*The data:*
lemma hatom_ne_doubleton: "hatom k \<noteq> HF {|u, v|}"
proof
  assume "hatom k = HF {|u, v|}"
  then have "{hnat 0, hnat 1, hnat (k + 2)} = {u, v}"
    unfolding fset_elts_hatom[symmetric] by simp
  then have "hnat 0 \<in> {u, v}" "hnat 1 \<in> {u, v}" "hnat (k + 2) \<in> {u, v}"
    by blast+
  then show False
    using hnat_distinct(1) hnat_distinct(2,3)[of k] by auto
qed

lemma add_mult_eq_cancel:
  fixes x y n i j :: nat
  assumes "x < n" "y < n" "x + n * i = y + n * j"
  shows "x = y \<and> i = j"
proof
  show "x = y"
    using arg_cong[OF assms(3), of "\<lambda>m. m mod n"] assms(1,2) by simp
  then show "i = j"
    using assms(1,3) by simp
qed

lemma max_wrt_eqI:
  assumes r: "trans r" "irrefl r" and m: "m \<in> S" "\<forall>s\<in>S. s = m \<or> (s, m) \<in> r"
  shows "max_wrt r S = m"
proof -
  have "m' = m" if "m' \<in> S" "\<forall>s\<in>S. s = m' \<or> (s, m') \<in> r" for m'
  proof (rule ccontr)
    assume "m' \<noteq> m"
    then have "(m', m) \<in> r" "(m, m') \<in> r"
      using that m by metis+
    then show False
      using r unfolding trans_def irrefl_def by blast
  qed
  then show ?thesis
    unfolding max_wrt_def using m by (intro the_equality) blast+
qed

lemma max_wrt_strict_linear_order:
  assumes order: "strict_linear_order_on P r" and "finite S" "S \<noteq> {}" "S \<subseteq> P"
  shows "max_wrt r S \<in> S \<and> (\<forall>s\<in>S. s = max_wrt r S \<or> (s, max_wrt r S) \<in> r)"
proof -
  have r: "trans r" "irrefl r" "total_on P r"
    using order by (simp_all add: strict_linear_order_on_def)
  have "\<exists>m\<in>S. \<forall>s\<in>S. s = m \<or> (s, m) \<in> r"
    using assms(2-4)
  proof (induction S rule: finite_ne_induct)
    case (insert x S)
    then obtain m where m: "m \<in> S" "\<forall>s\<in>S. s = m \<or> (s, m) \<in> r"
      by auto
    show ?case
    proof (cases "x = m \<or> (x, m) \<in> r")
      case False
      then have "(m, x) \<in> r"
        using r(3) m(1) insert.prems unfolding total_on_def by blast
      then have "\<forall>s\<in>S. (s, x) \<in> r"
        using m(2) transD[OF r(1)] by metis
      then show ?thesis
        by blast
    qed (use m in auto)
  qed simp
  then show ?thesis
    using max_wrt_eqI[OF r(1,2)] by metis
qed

--

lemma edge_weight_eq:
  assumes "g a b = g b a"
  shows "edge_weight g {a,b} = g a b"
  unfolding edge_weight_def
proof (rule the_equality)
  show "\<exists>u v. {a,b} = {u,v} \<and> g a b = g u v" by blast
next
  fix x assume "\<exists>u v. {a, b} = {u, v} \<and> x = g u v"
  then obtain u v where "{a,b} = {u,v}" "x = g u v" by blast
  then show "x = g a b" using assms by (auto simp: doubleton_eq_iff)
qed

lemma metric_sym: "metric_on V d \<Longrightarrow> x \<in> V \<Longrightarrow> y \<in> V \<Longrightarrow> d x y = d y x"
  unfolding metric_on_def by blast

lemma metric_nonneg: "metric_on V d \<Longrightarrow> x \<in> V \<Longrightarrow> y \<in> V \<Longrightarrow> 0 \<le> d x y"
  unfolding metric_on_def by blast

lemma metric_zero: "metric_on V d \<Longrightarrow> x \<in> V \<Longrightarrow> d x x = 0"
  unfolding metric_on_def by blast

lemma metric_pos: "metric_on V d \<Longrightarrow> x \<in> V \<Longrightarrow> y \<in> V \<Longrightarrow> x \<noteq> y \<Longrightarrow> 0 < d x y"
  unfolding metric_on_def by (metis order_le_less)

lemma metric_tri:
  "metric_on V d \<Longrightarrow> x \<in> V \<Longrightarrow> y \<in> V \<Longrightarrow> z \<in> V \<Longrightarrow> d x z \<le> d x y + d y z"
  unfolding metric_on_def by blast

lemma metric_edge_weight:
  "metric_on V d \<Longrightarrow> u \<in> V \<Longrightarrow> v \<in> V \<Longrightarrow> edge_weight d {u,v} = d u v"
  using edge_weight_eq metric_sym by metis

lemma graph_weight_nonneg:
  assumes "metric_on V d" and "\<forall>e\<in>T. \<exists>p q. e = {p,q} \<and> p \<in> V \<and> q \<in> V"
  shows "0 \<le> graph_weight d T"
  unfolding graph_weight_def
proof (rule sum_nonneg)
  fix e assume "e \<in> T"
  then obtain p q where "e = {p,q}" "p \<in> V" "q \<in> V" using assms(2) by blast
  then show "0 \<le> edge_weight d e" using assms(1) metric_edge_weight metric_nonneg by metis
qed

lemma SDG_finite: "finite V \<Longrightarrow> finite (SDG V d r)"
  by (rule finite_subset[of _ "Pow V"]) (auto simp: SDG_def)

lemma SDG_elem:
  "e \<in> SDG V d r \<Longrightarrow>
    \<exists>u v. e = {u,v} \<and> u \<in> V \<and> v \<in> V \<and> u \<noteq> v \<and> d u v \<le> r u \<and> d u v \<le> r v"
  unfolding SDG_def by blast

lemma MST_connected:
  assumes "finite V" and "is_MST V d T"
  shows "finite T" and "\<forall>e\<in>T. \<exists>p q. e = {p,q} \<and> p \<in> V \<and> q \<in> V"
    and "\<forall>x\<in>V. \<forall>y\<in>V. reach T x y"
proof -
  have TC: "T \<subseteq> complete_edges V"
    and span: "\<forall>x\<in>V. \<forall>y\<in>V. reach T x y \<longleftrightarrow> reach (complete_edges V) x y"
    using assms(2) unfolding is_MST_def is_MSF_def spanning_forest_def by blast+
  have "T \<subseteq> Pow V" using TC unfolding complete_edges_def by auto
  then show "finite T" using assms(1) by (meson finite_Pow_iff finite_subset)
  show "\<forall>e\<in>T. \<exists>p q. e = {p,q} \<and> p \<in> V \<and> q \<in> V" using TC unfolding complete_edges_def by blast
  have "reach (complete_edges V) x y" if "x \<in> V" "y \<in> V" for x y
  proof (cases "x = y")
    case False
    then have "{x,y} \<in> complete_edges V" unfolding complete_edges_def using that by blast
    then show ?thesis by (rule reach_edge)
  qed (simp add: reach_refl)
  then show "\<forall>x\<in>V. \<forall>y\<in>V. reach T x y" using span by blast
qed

*Activity:*
Looking at the records above, return exactly the lines from the line with "proof (rule ccontr)" to the line with "using order by", both ends included.

*Output for this task:*
  proof (rule ccontr)
    assume "m' \<noteq> m"
    then have "(m', m) \<in> r" "(m, m') \<in> r"
      using that m by metis+
    then show False
      using r unfolding trans_def irrefl_def by blast
  qed
  then show ?thesis
    unfolding max_wrt_def using m by (intro the_equality) blast+
qed

lemma max_wrt_strict_linear_order:
  assumes order: "strict_linear_order_on P r" and "finite S" "S \<noteq> {}" "S \<subseteq> P"
  shows "max_wrt r S \<in> S \<and> (\<forall>s\<in>S. s = max_wrt r S \<or> (s, max_wrt r S) \<in> r)"
proof -
  have r: "trans r" "irrefl r" "total_on P r"
    using order by (simp_all add: strict_linear_order_on_def)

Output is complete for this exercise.